▶ Exercise goal
Look through the entries below for the string "induction", and copy each line where it is found.

Records from a dataset:
○ ○ ○ ○

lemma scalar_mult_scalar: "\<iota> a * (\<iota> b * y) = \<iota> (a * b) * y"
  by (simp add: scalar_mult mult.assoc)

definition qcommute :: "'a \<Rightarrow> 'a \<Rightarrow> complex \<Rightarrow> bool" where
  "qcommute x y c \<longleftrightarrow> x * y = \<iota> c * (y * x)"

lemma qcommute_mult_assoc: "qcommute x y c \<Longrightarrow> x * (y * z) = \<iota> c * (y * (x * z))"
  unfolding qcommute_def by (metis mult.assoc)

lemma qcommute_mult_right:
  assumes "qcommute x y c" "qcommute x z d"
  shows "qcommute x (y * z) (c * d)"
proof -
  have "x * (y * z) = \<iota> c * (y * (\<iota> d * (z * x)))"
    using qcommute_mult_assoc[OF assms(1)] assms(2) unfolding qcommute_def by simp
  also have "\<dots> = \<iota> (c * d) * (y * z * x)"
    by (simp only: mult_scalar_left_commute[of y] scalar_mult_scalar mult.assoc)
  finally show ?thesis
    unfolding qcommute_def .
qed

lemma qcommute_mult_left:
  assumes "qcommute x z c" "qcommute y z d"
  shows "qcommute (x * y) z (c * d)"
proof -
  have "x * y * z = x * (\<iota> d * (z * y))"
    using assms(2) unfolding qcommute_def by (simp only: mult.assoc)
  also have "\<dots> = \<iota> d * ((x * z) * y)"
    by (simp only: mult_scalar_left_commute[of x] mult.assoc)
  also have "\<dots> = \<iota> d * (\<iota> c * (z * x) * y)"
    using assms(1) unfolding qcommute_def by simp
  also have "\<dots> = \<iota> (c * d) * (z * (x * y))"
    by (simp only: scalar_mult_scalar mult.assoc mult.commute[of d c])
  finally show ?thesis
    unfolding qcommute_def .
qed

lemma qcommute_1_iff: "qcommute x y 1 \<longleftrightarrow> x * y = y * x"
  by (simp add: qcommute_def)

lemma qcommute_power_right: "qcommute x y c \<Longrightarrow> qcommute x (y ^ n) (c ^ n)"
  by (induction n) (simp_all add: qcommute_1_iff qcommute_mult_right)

○ ○ ○ ○

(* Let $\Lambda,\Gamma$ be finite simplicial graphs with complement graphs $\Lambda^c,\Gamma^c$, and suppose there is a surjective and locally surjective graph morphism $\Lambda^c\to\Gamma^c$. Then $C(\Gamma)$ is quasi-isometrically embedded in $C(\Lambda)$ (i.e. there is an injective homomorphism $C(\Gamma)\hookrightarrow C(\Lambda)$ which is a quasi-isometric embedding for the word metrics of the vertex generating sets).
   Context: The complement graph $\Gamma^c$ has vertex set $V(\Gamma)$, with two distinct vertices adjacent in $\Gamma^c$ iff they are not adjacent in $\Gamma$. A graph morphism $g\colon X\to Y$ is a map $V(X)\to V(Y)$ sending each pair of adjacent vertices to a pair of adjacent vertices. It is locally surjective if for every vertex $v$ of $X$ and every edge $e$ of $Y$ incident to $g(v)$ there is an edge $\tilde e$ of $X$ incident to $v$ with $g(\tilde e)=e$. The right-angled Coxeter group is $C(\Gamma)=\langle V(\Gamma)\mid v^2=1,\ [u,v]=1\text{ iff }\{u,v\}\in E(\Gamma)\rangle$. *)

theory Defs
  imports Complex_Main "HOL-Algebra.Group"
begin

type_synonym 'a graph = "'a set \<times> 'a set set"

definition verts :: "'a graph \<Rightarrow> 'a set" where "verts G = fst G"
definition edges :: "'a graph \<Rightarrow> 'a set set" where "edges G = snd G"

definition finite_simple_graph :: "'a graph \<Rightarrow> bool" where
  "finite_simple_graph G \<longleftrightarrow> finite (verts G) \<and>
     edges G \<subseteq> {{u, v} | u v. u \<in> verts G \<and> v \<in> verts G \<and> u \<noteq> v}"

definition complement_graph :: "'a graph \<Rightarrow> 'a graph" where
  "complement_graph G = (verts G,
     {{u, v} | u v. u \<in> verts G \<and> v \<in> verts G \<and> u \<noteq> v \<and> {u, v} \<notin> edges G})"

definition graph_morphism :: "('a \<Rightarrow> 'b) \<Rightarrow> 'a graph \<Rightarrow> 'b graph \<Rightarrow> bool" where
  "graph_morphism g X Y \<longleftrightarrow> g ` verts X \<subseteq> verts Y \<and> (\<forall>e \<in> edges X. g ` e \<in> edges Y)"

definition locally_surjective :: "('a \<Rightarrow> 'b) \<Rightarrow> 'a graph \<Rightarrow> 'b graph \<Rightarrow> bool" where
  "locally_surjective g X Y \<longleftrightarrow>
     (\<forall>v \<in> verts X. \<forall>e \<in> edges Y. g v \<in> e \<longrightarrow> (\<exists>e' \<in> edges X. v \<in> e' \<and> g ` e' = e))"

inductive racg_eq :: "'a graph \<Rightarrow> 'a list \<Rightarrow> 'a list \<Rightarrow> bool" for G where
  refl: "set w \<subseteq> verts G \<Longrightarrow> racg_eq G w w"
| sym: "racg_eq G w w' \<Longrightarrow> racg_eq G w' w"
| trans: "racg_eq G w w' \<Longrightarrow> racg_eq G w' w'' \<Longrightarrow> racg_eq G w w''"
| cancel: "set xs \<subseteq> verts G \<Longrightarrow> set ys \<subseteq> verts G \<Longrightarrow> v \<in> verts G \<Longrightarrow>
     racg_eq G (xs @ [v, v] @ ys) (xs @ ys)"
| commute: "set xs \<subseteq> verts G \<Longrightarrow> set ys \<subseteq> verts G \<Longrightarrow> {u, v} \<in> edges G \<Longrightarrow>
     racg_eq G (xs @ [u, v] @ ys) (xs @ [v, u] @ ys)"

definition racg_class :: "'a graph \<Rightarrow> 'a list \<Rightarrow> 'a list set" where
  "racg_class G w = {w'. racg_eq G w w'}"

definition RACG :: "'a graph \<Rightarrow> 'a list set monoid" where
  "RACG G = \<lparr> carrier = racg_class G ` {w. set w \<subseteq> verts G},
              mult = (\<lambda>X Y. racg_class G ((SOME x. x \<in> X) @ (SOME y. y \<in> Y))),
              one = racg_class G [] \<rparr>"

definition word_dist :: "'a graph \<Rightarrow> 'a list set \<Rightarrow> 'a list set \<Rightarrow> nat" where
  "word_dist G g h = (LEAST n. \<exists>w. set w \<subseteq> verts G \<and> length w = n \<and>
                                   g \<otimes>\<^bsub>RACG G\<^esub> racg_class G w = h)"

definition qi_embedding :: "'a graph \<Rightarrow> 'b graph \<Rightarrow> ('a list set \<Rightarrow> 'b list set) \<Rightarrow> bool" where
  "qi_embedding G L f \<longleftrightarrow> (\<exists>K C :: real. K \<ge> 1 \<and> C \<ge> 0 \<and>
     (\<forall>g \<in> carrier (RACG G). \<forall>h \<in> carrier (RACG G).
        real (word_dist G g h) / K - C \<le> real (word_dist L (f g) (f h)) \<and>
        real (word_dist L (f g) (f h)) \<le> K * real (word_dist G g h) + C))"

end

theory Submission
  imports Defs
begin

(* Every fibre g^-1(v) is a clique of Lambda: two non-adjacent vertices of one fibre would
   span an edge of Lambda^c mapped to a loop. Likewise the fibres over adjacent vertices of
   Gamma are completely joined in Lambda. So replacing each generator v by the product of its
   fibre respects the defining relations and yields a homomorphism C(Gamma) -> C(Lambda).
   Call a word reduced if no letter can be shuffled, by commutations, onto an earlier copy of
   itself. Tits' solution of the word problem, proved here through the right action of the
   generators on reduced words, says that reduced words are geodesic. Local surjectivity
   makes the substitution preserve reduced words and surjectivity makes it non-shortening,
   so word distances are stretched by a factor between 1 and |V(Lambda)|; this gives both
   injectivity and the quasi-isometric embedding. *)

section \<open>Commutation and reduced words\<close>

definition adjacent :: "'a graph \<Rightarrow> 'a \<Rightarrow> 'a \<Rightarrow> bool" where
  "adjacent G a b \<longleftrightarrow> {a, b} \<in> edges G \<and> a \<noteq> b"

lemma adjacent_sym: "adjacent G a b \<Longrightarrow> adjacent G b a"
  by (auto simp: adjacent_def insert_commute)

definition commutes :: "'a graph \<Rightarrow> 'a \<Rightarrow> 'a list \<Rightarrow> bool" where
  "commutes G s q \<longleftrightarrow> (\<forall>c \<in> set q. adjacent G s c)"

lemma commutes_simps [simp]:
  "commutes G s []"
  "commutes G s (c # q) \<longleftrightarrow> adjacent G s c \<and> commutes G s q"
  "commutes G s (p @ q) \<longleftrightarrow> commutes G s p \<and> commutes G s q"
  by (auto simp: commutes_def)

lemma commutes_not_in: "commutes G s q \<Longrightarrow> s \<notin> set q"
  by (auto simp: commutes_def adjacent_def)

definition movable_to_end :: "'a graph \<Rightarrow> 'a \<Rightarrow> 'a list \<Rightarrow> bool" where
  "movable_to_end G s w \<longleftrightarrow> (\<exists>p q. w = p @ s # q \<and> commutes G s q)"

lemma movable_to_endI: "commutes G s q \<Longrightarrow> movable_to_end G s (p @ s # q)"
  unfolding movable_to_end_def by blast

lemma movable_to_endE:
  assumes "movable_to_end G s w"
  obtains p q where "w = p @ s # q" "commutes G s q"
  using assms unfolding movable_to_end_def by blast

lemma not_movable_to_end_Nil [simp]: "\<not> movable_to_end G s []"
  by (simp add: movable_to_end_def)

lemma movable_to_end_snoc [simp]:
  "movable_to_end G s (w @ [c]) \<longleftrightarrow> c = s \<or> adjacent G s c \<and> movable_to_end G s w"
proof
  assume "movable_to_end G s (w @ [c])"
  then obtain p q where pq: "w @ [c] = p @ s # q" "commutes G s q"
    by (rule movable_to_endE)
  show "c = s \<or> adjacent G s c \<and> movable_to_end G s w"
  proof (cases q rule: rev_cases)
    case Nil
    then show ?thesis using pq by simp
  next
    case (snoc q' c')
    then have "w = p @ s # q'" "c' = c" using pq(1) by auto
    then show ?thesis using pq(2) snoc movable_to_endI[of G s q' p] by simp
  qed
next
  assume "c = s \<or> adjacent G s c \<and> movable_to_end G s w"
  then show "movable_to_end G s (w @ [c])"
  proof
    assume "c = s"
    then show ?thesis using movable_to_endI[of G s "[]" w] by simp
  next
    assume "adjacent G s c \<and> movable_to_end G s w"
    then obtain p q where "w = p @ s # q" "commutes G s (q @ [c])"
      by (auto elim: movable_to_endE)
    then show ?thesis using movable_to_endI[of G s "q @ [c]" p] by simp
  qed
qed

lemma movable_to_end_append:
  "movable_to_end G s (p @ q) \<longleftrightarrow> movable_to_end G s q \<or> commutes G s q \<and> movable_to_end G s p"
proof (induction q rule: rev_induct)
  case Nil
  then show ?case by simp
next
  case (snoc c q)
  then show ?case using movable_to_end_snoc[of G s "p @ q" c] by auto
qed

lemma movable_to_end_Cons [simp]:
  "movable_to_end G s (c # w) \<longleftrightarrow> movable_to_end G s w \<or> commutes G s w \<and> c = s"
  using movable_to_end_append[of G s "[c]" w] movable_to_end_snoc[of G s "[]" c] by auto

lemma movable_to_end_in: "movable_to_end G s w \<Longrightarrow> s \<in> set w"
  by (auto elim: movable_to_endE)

○ ○ ○ ○

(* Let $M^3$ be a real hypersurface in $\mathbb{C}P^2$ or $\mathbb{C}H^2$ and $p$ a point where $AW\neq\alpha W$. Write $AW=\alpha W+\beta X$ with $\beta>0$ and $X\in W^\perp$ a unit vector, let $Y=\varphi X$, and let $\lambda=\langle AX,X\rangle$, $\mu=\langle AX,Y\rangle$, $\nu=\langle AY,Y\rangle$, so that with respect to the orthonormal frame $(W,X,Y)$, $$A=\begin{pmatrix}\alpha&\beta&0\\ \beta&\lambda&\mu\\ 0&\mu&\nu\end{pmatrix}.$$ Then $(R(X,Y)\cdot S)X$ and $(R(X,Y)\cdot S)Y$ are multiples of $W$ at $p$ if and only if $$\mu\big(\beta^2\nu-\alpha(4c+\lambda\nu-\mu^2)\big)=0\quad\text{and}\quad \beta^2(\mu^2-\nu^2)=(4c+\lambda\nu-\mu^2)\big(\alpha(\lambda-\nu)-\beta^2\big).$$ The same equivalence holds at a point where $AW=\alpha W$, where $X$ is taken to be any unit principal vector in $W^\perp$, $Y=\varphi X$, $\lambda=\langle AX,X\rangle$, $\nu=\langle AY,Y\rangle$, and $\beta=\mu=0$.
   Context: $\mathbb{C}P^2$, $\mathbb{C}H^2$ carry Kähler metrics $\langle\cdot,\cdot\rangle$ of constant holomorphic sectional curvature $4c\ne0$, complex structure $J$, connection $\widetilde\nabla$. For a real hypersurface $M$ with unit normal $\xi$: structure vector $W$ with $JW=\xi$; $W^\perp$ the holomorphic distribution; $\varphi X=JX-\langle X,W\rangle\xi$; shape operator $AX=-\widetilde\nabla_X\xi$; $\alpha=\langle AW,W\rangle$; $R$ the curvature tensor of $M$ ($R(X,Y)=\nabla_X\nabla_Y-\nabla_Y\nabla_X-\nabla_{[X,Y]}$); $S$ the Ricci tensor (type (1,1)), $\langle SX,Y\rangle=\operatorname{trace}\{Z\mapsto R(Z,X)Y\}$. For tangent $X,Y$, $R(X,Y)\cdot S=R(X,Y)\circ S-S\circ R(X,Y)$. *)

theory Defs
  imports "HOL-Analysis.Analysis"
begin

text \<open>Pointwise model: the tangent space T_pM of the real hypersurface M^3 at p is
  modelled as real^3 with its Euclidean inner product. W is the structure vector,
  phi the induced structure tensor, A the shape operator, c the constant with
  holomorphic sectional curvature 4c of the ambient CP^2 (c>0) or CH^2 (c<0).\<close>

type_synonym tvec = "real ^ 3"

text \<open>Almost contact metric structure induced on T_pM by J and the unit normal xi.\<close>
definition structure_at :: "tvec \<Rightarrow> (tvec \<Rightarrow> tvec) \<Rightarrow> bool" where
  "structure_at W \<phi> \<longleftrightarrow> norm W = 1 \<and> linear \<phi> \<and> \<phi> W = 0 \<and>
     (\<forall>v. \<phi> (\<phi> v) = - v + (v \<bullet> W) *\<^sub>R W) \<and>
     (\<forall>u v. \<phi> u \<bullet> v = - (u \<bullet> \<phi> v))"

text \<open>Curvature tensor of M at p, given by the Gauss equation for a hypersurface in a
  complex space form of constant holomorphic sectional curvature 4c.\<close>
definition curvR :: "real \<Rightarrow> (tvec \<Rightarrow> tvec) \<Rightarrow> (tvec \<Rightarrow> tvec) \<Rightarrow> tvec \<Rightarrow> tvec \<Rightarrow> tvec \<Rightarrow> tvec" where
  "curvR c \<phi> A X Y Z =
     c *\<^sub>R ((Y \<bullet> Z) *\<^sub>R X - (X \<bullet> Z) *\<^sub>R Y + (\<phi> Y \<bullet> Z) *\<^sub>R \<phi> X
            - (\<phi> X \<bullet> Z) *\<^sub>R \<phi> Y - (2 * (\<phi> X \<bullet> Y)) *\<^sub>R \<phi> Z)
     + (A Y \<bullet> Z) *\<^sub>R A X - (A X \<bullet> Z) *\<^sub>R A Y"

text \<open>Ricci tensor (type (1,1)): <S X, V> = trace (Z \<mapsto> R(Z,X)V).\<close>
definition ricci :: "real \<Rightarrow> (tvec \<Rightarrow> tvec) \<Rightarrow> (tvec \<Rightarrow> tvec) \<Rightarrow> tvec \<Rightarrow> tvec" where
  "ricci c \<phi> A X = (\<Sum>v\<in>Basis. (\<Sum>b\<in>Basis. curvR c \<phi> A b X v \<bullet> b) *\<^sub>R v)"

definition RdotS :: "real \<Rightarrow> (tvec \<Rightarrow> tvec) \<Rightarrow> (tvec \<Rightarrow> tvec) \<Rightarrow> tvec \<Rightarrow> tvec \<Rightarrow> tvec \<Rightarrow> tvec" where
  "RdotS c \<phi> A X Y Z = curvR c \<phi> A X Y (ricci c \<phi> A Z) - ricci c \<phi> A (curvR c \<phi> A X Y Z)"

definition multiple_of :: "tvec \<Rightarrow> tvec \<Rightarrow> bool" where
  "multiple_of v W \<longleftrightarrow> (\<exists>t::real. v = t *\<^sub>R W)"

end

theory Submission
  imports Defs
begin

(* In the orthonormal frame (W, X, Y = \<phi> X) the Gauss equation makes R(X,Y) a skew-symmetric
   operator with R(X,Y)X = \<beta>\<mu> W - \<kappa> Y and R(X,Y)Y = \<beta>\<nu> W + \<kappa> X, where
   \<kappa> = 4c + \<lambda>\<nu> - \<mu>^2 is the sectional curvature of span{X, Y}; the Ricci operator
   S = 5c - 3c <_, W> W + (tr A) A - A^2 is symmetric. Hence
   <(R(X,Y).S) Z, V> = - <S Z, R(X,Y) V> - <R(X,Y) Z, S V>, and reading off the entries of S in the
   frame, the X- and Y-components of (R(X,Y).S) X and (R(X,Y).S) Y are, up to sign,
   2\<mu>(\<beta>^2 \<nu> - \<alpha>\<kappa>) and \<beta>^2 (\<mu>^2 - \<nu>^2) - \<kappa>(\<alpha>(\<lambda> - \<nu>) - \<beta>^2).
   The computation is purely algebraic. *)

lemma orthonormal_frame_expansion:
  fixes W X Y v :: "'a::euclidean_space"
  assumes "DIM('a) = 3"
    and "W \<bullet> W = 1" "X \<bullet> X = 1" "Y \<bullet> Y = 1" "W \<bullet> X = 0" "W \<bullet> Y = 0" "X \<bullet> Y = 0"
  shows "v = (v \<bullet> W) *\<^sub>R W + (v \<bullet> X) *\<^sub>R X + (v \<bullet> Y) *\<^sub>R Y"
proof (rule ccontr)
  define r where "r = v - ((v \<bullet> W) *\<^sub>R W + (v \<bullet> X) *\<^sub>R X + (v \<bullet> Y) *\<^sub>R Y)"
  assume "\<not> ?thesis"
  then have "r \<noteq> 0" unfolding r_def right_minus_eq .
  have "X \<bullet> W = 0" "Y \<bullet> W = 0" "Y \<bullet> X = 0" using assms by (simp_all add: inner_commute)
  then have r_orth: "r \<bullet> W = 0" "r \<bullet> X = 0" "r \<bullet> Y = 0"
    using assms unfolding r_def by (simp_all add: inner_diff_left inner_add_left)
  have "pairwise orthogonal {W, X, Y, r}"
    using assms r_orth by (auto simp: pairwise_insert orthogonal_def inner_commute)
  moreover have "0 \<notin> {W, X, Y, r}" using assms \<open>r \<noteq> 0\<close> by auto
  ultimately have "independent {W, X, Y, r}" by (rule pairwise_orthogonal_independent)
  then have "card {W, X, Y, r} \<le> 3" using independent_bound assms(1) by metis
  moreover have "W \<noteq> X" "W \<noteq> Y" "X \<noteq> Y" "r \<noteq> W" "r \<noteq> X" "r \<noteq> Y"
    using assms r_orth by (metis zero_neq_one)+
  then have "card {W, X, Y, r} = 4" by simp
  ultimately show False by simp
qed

○ ○ ○ ○

▶ Task answer
  by (induction n) (simp_all add: qcommute_1_iff qcommute_mult_right)
proof (induction q rule: rev_induct)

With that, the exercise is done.